## [Exercise description]
Each line of the entries that mentions the string "notation" needs to be reported.

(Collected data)
[Start of Attachment]

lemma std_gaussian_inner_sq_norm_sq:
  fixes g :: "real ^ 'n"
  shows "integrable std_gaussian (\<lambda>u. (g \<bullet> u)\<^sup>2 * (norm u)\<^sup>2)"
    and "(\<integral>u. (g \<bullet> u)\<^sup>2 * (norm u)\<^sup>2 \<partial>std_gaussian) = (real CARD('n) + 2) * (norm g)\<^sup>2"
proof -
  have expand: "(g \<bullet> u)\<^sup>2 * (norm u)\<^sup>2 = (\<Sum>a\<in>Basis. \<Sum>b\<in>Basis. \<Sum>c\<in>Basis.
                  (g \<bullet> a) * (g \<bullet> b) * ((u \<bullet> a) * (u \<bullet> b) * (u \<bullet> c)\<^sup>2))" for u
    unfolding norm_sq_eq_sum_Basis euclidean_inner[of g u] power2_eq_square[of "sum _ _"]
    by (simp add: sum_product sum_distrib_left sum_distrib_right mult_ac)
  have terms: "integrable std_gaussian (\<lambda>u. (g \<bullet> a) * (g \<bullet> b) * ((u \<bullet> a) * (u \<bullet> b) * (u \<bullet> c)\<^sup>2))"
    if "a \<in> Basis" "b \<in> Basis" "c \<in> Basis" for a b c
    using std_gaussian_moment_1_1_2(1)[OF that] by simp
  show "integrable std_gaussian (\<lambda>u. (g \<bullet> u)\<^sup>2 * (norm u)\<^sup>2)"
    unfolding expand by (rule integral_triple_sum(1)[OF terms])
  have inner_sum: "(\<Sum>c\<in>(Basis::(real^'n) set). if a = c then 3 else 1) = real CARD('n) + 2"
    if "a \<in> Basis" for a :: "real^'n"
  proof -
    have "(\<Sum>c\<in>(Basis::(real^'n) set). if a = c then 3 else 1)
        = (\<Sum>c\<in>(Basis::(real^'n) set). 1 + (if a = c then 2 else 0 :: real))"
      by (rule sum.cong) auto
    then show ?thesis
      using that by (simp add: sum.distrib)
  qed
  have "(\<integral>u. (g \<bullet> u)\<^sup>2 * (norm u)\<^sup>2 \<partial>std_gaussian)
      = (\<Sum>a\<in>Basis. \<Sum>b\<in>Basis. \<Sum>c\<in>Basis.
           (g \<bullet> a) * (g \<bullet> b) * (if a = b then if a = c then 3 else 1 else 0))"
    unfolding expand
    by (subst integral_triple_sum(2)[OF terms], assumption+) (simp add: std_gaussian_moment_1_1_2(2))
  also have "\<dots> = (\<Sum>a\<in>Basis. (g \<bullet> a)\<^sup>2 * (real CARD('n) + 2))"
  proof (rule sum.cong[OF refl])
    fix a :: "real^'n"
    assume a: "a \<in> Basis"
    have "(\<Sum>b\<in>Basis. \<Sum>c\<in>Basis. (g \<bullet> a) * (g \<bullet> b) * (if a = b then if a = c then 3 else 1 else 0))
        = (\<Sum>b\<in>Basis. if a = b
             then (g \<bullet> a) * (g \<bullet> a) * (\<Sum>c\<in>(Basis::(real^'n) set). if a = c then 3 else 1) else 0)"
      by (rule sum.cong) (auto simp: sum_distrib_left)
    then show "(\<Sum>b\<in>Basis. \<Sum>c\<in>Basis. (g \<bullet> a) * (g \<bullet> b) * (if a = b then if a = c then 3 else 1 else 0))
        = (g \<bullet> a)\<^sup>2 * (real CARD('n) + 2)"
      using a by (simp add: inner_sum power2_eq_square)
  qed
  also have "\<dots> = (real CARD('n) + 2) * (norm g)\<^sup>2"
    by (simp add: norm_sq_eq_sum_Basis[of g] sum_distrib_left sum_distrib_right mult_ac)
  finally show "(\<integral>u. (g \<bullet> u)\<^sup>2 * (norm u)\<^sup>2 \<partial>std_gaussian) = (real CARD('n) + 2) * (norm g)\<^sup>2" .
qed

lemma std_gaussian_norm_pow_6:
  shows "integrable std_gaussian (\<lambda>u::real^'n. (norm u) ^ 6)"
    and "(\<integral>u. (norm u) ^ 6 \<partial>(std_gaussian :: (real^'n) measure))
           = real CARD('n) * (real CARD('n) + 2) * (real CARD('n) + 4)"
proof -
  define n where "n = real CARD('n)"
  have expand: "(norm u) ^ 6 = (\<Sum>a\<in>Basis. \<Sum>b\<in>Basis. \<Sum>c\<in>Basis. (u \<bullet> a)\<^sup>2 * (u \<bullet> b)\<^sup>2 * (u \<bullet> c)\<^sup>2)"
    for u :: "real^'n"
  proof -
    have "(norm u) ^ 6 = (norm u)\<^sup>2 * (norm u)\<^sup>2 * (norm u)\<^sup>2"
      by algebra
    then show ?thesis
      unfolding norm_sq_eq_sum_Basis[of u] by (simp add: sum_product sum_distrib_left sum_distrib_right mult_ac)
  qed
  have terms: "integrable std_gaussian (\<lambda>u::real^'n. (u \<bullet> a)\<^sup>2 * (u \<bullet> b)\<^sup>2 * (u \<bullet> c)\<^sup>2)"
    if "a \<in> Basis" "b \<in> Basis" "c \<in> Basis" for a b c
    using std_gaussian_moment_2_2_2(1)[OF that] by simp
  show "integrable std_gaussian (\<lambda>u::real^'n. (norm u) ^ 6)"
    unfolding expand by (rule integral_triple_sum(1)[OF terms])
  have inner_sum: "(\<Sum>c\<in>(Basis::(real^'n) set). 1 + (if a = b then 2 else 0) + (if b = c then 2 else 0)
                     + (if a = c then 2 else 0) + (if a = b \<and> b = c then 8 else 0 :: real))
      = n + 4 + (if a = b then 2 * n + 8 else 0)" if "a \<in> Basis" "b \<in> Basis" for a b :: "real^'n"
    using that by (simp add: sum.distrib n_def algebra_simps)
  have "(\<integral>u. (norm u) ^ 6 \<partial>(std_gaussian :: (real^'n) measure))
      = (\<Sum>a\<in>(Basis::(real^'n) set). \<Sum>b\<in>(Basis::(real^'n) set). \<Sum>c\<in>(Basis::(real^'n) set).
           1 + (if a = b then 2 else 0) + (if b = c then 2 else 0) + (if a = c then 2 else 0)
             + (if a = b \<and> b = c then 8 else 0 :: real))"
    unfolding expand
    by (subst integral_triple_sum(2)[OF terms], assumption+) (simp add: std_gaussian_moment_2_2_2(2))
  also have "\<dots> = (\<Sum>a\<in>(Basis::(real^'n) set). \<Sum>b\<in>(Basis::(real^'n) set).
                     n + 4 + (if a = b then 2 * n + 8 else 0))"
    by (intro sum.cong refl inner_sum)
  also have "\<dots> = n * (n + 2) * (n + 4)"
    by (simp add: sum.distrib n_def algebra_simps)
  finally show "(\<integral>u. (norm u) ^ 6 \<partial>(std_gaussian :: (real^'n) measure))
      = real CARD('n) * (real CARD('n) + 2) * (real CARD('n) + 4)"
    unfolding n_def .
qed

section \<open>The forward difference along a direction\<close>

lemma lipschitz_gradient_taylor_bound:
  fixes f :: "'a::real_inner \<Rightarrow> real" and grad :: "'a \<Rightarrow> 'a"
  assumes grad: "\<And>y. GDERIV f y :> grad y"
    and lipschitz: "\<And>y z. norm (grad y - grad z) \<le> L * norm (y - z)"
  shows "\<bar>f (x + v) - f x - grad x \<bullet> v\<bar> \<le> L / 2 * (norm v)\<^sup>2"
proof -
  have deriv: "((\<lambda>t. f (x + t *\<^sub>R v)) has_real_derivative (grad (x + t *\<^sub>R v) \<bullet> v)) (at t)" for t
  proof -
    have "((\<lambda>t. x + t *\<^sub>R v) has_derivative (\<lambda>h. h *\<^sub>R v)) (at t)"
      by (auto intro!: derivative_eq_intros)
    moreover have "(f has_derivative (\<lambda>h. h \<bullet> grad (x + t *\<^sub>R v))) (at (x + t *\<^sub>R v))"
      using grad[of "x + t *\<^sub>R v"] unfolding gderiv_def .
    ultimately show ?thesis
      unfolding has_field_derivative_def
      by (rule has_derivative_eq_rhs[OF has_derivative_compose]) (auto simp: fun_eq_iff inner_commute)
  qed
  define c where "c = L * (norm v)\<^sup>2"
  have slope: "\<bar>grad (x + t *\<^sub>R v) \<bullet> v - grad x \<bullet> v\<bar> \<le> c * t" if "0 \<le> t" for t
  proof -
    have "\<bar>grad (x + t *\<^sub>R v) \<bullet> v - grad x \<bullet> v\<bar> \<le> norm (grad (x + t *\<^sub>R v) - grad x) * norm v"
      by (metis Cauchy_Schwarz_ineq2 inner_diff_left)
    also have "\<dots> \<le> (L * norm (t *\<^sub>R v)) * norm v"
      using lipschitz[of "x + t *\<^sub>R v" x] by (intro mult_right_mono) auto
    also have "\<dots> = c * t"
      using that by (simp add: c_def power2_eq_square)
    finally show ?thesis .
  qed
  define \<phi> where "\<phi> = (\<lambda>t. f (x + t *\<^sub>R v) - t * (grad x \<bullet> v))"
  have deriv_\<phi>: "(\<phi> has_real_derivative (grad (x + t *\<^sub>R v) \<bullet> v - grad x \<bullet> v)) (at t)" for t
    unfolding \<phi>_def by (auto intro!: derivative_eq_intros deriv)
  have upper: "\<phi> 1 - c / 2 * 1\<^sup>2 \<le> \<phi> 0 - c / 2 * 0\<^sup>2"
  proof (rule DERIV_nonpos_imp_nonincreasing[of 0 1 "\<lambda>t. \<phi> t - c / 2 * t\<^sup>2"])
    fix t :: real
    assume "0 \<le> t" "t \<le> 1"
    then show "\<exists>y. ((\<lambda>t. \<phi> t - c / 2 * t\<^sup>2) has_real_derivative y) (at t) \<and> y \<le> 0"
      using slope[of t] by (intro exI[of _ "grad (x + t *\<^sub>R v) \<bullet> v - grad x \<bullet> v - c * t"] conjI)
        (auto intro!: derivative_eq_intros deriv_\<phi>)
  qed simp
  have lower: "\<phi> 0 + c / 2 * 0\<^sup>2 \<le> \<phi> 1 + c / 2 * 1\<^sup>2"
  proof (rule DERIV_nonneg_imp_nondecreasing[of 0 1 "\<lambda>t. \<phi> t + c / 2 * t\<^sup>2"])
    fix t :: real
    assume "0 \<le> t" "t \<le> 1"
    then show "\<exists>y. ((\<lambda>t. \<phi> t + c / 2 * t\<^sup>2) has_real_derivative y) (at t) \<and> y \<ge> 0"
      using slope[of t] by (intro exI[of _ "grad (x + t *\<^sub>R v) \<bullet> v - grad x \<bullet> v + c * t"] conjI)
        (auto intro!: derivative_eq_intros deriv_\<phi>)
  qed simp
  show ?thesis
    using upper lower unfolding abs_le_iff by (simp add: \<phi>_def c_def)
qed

[End of Attachment]
[Start of Attachment]

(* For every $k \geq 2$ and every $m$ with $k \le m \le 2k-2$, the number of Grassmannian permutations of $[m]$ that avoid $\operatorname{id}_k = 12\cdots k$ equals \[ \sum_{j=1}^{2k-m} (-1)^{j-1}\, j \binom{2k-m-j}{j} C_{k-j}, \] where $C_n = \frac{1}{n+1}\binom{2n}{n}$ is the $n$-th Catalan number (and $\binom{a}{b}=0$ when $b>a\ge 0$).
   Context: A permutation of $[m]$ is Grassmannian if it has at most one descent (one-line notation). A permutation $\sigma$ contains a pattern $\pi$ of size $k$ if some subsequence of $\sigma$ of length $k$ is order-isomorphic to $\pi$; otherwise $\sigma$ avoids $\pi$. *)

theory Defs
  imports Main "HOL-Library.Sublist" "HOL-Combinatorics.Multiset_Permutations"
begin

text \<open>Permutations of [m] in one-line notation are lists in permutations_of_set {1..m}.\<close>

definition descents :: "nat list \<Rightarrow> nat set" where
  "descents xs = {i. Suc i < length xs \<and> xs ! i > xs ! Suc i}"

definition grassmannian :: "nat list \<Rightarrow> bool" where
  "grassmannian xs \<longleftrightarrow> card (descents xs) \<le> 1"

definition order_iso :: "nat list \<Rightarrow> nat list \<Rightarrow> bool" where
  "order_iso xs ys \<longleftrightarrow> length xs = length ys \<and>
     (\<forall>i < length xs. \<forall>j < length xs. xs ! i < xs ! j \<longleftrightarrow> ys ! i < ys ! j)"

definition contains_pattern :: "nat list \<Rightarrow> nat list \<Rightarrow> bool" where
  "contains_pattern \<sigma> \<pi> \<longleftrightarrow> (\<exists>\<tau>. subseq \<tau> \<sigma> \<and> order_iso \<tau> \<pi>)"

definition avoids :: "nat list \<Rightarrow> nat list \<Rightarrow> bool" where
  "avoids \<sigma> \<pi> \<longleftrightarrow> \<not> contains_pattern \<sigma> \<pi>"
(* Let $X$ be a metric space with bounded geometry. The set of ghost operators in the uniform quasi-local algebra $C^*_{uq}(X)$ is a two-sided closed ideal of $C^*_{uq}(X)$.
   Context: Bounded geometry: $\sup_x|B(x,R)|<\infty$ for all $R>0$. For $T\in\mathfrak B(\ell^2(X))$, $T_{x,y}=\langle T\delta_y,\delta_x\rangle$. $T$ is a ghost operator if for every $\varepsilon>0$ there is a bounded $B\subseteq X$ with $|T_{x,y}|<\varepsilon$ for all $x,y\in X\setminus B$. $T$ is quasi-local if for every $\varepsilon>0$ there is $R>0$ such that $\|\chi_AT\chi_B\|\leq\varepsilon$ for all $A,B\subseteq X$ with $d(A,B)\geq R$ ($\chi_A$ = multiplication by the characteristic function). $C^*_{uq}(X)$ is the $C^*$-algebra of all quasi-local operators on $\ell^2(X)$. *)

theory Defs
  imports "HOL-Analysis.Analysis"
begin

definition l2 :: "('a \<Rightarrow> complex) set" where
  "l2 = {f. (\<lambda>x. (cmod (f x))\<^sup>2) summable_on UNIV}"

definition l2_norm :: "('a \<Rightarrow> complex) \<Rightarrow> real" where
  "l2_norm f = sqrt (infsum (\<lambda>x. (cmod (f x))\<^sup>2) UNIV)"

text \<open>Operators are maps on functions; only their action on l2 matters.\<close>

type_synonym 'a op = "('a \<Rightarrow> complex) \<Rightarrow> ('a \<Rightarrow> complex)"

[End of Attachment]

## [Exercise answer]
   Context: A permutation of $[m]$ is Grassmannian if it has at most one descent (one-line notation). A permutation $\sigma$ contains a pattern $\pi$ of size $k$ if some subsequence of $\sigma$ of length $k$ is order-isomorphic to $\pi$; otherwise $\sigma$ avoids $\pi$. *)
text \<open>Permutations of [m] in one-line notation are lists in permutations_of_set {1..m}.\<close>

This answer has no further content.